▸ **EXERCISE**
Write out all the data again, exactly as shown.

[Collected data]
(* For every $f\in L^{\infty}(\mathbb{R}_+)$, $\overline{E}_{\infty}(f)=\overline{M}_1(f)$. In particular, the summability methods $(E_\infty,\mathcal{D}(E_\infty))$ and $(M_1,\mathcal{D}(M_1))$ coincide.
   Context: $L^{\infty}(\mathbb{R}_+)$ is the space of real-valued essentially bounded measurable functions on $[0,\infty)$. Let $(Sf)(x)=e^{-x}\int_0^xf(t)e^t\,dt$, $\overline{E}_k(f)=\limsup_{x\to\infty}(S^kf)(x)$ for $k\ge1$ (nonincreasing in $k$), and $\overline{E}_\infty(f)=\lim_{k\to\infty}\overline{E}_k(f)$. Let $\overline{M}_1(f)=\lim_{\theta\to\infty}\limsup_{x\to\infty}\frac1\theta\int_x^{x+\theta}f(t)\,dt$. For such a sublinear functional $\overline{F}$, the summability method $(F,\mathcal{D}(F))$ has domain $\{f:\overline{F}(f)=-\overline{F}(-f)\}$ and value $F(f)=\overline{F}(f)$ there. *)

theory Defs
  imports "HOL-Analysis.Analysis"
begin

text \<open>Real-valued essentially bounded (Lebesgue) measurable functions on [0,\<infinity>).
  Functions are represented as real \<Rightarrow> real; values at negative arguments are irrelevant.\<close>
definition Linf :: "(real \<Rightarrow> real) set" where
  "Linf = {f. set_borel_measurable lebesgue {0..} f \<and>
              (\<exists>C. AE x in lebesgue. x \<in> {0..} \<longrightarrow> \<bar>f x\<bar> \<le> C)}"

definition Sop :: "(real \<Rightarrow> real) \<Rightarrow> real \<Rightarrow> real" where
  "Sop f x = exp (- x) * (LINT t:{0..x}|lebesgue. f t * exp t)"

definition Ebar :: "nat \<Rightarrow> (real \<Rightarrow> real) \<Rightarrow> ereal" where
  "Ebar k f = Limsup at_top (\<lambda>x. ereal ((Sop ^^ k) f x))"

definition Ebar_inf :: "(real \<Rightarrow> real) \<Rightarrow> ereal" where
  "Ebar_inf f = lim (\<lambda>k. Ebar (Suc k) f)"

definition Mbar1 :: "(real \<Rightarrow> real) \<Rightarrow> ereal" where
  "Mbar1 f = Lim at_top (\<lambda>\<theta>. Limsup at_top
       (\<lambda>x. ereal ((1 / \<theta>) * (LINT t:{x..x+\<theta>}|lebesgue. f t))))"

text \<open>Domain of the summability method induced by a sublinear functional;
  its value on the domain is the functional itself.\<close>
definition sm_domain :: "((real \<Rightarrow> real) \<Rightarrow> ereal) \<Rightarrow> (real \<Rightarrow> real) set" where
  "sm_domain F = {f \<in> Linf. F f = - F (\<lambda>x. - f x)}"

▸ **ANSWER FOR THIS EXERCISE**
(* For every $f\in L^{\infty}(\mathbb{R}_+)$, $\overline{E}_{\infty}(f)=\overline{M}_1(f)$. In particular, the summability methods $(E_\infty,\mathcal{D}(E_\infty))$ and $(M_1,\mathcal{D}(M_1))$ coincide.
   Context: $L^{\infty}(\mathbb{R}_+)$ is the space of real-valued essentially bounded measurable functions on $[0,\infty)$. Let $(Sf)(x)=e^{-x}\int_0^xf(t)e^t\,dt$, $\overline{E}_k(f)=\limsup_{x\to\infty}(S^kf)(x)$ for $k\ge1$ (nonincreasing in $k$), and $\overline{E}_\infty(f)=\lim_{k\to\infty}\overline{E}_k(f)$. Let $\overline{M}_1(f)=\lim_{\theta\to\infty}\limsup_{x\to\infty}\frac1\theta\int_x^{x+\theta}f(t)\,dt$. For such a sublinear functional $\overline{F}$, the summability method $(F,\mathcal{D}(F))$ has domain $\{f:\overline{F}(f)=-\overline{F}(-f)\}$ and value $F(f)=\overline{F}(f)$ there. *)

theory Defs
  imports "HOL-Analysis.Analysis"
begin

text \<open>Real-valued essentially bounded (Lebesgue) measurable functions on [0,\<infinity>).
  Functions are represented as real \<Rightarrow> real; values at negative arguments are irrelevant.\<close>
definition Linf :: "(real \<Rightarrow> real) set" where
  "Linf = {f. set_borel_measurable lebesgue {0..} f \<and>
              (\<exists>C. AE x in lebesgue. x \<in> {0..} \<longrightarrow> \<bar>f x\<bar> \<le> C)}"

definition Sop :: "(real \<Rightarrow> real) \<Rightarrow> real \<Rightarrow> real" where
  "Sop f x = exp (- x) * (LINT t:{0..x}|lebesgue. f t * exp t)"

definition Ebar :: "nat \<Rightarrow> (real \<Rightarrow> real) \<Rightarrow> ereal" where
  "Ebar k f = Limsup at_top (\<lambda>x. ereal ((Sop ^^ k) f x))"

definition Ebar_inf :: "(real \<Rightarrow> real) \<Rightarrow> ereal" where
  "Ebar_inf f = lim (\<lambda>k. Ebar (Suc k) f)"

definition Mbar1 :: "(real \<Rightarrow> real) \<Rightarrow> ereal" where
  "Mbar1 f = Lim at_top (\<lambda>\<theta>. Limsup at_top
       (\<lambda>x. ereal ((1 / \<theta>) * (LINT t:{x..x+\<theta>}|lebesgue. f t))))"

text \<open>Domain of the summability method induced by a sublinear functional;
  its value on the domain is the functional itself.\<close>
definition sm_domain :: "((real \<Rightarrow> real) \<Rightarrow> ereal) \<Rightarrow> (real \<Rightarrow> real) set" where
  "sm_domain F = {f \<in> Linf. F f = - F (\<lambda>x. - f x)}"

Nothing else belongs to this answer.